▶ _PROBLEM REQUIREMENTS_:
How many lines in the records below include "exists"? Answer with the number only.

*** MATERIAL TO PROCESS ***

definition is_glb_in :: "('b \<Rightarrow> 'b \<Rightarrow> bool) \<Rightarrow> 'b set \<Rightarrow> 'b set \<Rightarrow> 'b \<Rightarrow> bool" where
  "is_glb_in le Q S x \<longleftrightarrow> x \<in> Q \<and> (\<forall>y\<in>S. le x y) \<and> (\<forall>z\<in>Q. (\<forall>y\<in>S. le z y) \<longrightarrow> le z x)"

definition partial_order_on_carrier :: "('b \<Rightarrow> 'b \<Rightarrow> bool) \<Rightarrow> 'b set \<Rightarrow> bool" where
  "partial_order_on_carrier le Q \<longleftrightarrow>
     (\<forall>x\<in>Q. le x x) \<and> (\<forall>x\<in>Q. \<forall>y\<in>Q. le x y \<longrightarrow> le y x \<longrightarrow> x = y)
     \<and> (\<forall>x\<in>Q. \<forall>y\<in>Q. \<forall>z\<in>Q. le x y \<longrightarrow> le y z \<longrightarrow> le x z)"

definition complete_lattice_on :: "('b \<Rightarrow> 'b \<Rightarrow> bool) \<Rightarrow> 'b set \<Rightarrow> bool" where
  "complete_lattice_on le Q \<longleftrightarrow> partial_order_on_carrier le Q \<and>
     (\<forall>S\<subseteq>Q. (\<exists>x. is_lub_in le Q S x) \<and> (\<exists>x. is_glb_in le Q S x))"

definition dm_completion ::
  "('p \<Rightarrow> 'p \<Rightarrow> bool) \<Rightarrow> 'p set \<Rightarrow> ('q \<Rightarrow> 'q \<Rightarrow> bool) \<Rightarrow> 'q set \<Rightarrow> ('p \<Rightarrow> 'q) \<Rightarrow> bool" where
  "dm_completion leP P leQ Q e \<longleftrightarrow>
     complete_lattice_on leQ Q
     \<and> e ` P \<subseteq> Q
     \<and> (\<forall>x\<in>P. \<forall>y\<in>P. leP x y \<longleftrightarrow> leQ (e x) (e y))
     \<and> (\<forall>q\<in>Q. is_lub_in leQ Q {e p | p. p \<in> P \<and> leQ (e p) q} q)
     \<and> (\<forall>q\<in>Q. is_glb_in leQ Q {e p | p. p \<in> P \<and> leQ q (e p)} q)"

end

theory Submission
  imports Defs
begin

text \<open>An element h of Hbar is determined by its upper part: for z in IC, h \<le> z as soon
  as fst h \<le> fst z, because the defining condition of Hbar bounds snd h from below by the
  pseudocomplements of fst h.  Hence joins in Hbar are obtained by regularising the pointwise
  join w of the upper parts, d s = \<Squnion>{(w t)* | t < s} and u r = \<Squnion>{(d s)* | s > r},
  and Hbar is a complete lattice.  For join-density, complete regularity writes fst h s as the
  join of the elements a completely below it; as in Urysohn's lemma, a scale from a to fst h s,
  reindexed by the rationals below s, yields a continuous c \<le> h with a \<le> fst c r for every
  r < s.  Meet-density follows from join-density by the order-reversing involution f \<mapsto> -f,
  which preserves IC, Hbar and Cbar.\<close>

lemma SUP_greaterThan_SUP_greaterThan:
  "(SUP t\<in>{r<..}. SUP u\<in>{t<..}. g u) = (SUP u\<in>{(r::'b::dense_linorder)<..}. g u :: 'a::complete_lattice)"
proof -
  have "(\<Union>t\<in>{r<..}. {t<..}) = {r<..}"
    by (auto dest: dense)
  then show ?thesis using SUP_UNION[of g greaterThan "{r<..}"] by simp
qed

lemma SUP_lessThan_SUP_lessThan:
  "(SUP t\<in>{..<s}. SUP u\<in>{..<t}. g u) = (SUP u\<in>{..<(s::'b::dense_linorder)}. g u :: 'a::complete_lattice)"
proof -
  have "(\<Union>t\<in>{..<s}. {..<t}) = {..<s}"
    by (auto dest: dense)
  then show ?thesis using SUP_UNION[of g lessThan "{..<s}"] by simp
qed

lemma complete_lattice_onI:
  assumes "partial_order_on_carrier le Q" and lub: "\<And>S. S \<subseteq> Q \<Longrightarrow> \<exists>x. is_lub_in le Q S x"
  shows "complete_lattice_on le Q"
proof -
  have "\<exists>x. is_glb_in le Q S x" if "S \<subseteq> Q" for S
  proof -
    obtain x where x: "is_lub_in le Q {z\<in>Q. \<forall>y\<in>S. le z y} x"
      using lub[of "{z\<in>Q. \<forall>y\<in>S. le z y}"] by blast
    then have "is_glb_in le Q S x"
      using that unfolding is_lub_in_def is_glb_in_def by blast
    then show ?thesis ..
  qed
  then show ?thesis
    using assms unfolding complete_lattice_on_def by blast
qed

lemma is_glb_in_image_if_is_lub_in:
  assumes closed: "\<And>x. x \<in> Q \<Longrightarrow> \<phi> x \<in> Q"
    and involution: "\<And>x. x \<in> Q \<Longrightarrow> \<phi> (\<phi> x) = x"
    and antitone: "\<And>x y. x \<in> Q \<Longrightarrow> y \<in> Q \<Longrightarrow> le (\<phi> x) (\<phi> y) \<longleftrightarrow> le y x"
    and "S \<subseteq> Q" and lub: "is_lub_in le Q S x"
  shows "is_glb_in le Q (\<phi> ` S) (\<phi> x)"
proof -
  have x: "x \<in> Q" using lub unfolding is_lub_in_def by blast
  have "le z (\<phi> x)" if "z \<in> Q" and lower: "\<forall>y\<in>S. le z (\<phi> y)" for z
  proof -
    have "le y (\<phi> z)" if "y \<in> S" for y
      using lower that \<open>S \<subseteq> Q\<close> \<open>z \<in> Q\<close> antitone[of "\<phi> z" y] closed involution by auto
    then have "le x (\<phi> z)"
      using lub closed \<open>z \<in> Q\<close> unfolding is_lub_in_def by blast
    then show ?thesis
      using antitone[of "\<phi> z" x] closed involution x \<open>z \<in> Q\<close> by auto
  qed
  moreover have "le (\<phi> x) (\<phi> y)" if "y \<in> S" for y
    using lub that \<open>S \<subseteq> Q\<close> x antitone unfolding is_lub_in_def by blast
  ultimately show ?thesis
    using closed x unfolding is_glb_in_def by blast
qed

lemma mem_IC_iff:
  "f \<in> IC \<longleftrightarrow> (\<forall>r s. s \<le> r \<longrightarrow> inf (fst f r) (snd f s) = bot)
               \<and> (\<forall>r. fst f r = (SUP s\<in>{r<..}. fst f s))
               \<and> (\<forall>s. snd f s = (SUP r\<in>{..<s}. snd f r))"
  by (cases f) (simp only: IC_def greaterThan_def lessThan_def mem_Collect_eq prod.case fst_conv snd_conv)

lemma IC_inf_eq_bot: "f \<in> IC \<Longrightarrow> s \<le> r \<Longrightarrow> inf (fst f r) (snd f s) = bot"
  unfolding mem_IC_iff by blast

lemma IC_fst_eq_SUP: "f \<in> IC \<Longrightarrow> fst f r = (SUP s\<in>{r<..}. fst f s)"
  unfolding mem_IC_iff by blast

lemma IC_snd_eq_SUP: "f \<in> IC \<Longrightarrow> snd f s = (SUP r\<in>{..<s}. snd f r)"
  unfolding mem_IC_iff by blast

lemma IC_fst_antimono:
  assumes "f \<in> IC" and "r \<le> s"
  shows "fst f s \<le> fst f r"
proof (cases "r = s")
  case False
  then have "fst f s \<le> (SUP t\<in>{r<..}. fst f t)"
    using assms(2) by (intro SUP_upper) auto
  also have "\<dots> = fst f r"
    by (rule IC_fst_eq_SUP[OF assms(1), symmetric])
  finally show ?thesis .
qed simp

lemma partial_order_on_carrier_le_IC: "partial_order_on_carrier le_IC Q"
proof -
  have "f = g" if "le_IC f g" "le_IC g f" for f g :: "'a::complete_lattice ic"
    using that unfolding le_IC_def by (intro prod_eqI ext order_antisym) auto
  then show ?thesis
    unfolding partial_order_on_carrier_def by (auto simp: le_IC_def intro: order_trans)
qed

lemma Hbar_subset_IC: "Hbar \<subseteq> IC"
  by (auto simp: Hbar_def)

definition ic_of :: "(rat \<Rightarrow> 'a::complete_lattice) \<Rightarrow> (rat \<Rightarrow> 'a) \<Rightarrow> 'a ic" where
  "ic_of g h = (\<lambda>r. SUP t\<in>{r<..}. g t, \<lambda>s. SUP t\<in>{..<s}. h t)"

lemma fst_ic_of: "fst (ic_of g h) r = (SUP t\<in>{r<..}. g t)"
  and snd_ic_of: "snd (ic_of g h) s = (SUP t\<in>{..<s}. h t)"
  by (simp_all add: ic_of_def)

definition neg_ic :: "'a::complete_lattice ic \<Rightarrow> 'a ic" where
  "neg_ic f = (\<lambda>r. snd f (- r), \<lambda>s. fst f (- s))"

lemma fst_neg_ic[simp]: "fst (neg_ic f) r = snd f (- r)"
  and snd_neg_ic[simp]: "snd (neg_ic f) s = fst f (- s)"
  by (simp_all add: neg_ic_def)

lemma neg_ic_neg_ic[simp]: "neg_ic (neg_ic f) = f"
  by (simp add: neg_ic_def)

lemma le_IC_neg_ic_iff: "le_IC (neg_ic f) (neg_ic g) \<longleftrightarrow> le_IC g f"
  unfolding le_IC_def by (metis fst_neg_ic snd_neg_ic minus_minus)

lemma SUP_greaterThan_uminus:
  "(SUP t\<in>{(r::'b::ordered_ab_group_add)<..}. g (- t)) = (SUP t\<in>{..<- r}. g t :: 'a::complete_lattice)"
proof -
  have "(SUP t\<in>{..<- r}. g t) = (SUP t\<in>uminus ` {r<..}. g t)" by simp
  then show ?thesis by (simp only: image_image)
qed

lemma SUP_lessThan_uminus:
  "(SUP t\<in>{..<(s::'b::ordered_ab_group_add)}. g (- t)) = (SUP t\<in>{- s<..}. g t :: 'a::complete_lattice)"
proof -
  have "(SUP t\<in>{- s<..}. g t) = (SUP t\<in>uminus ` {..<s}. g t)" by simp
  then show ?thesis by (simp only: image_image)
qed

lemma neg_ic_mem_IC:
  assumes "f \<in> IC"
  shows "neg_ic f \<in> IC"
proof -
  have "inf (snd f (- r)) (fst f (- s)) = bot" if "s \<le> r" for r s
    using IC_inf_eq_bot[OF assms, where r="- s" and s="- r"] that by (simp add: inf_commute)
  moreover have "snd f (- r) = (SUP t\<in>{r<..}. snd f (- t))" for r
    unfolding SUP_greaterThan_uminus by (rule IC_snd_eq_SUP[OF assms])
  moreover have "fst f (- s) = (SUP t\<in>{..<s}. fst f (- t))" for s
    unfolding SUP_lessThan_uminus by (rule IC_fst_eq_SUP[OF assms])
  ultimately show ?thesis
    unfolding mem_IC_iff fst_neg_ic snd_neg_ic by blast
qed

lemma neg_ic_mem_Cbar: "f \<in> Cbar \<Longrightarrow> neg_ic f \<in> Cbar"
  by (auto simp: Cbar_def neg_ic_mem_IC sup_commute)

lemma neg_ic_mem_Hbar: "f \<in> Hbar \<Longrightarrow> neg_ic f \<in> Hbar"
  by (auto simp: Hbar_def neg_ic_mem_IC)

lemma rather_below_bot: "rather_below bot (b::'a::complete_lattice)"
  by (simp add: rather_below_def pcompl_def)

*** End of MATERIAL TO PROCESS ***

▶ _FINISHED EXERCISE_:
3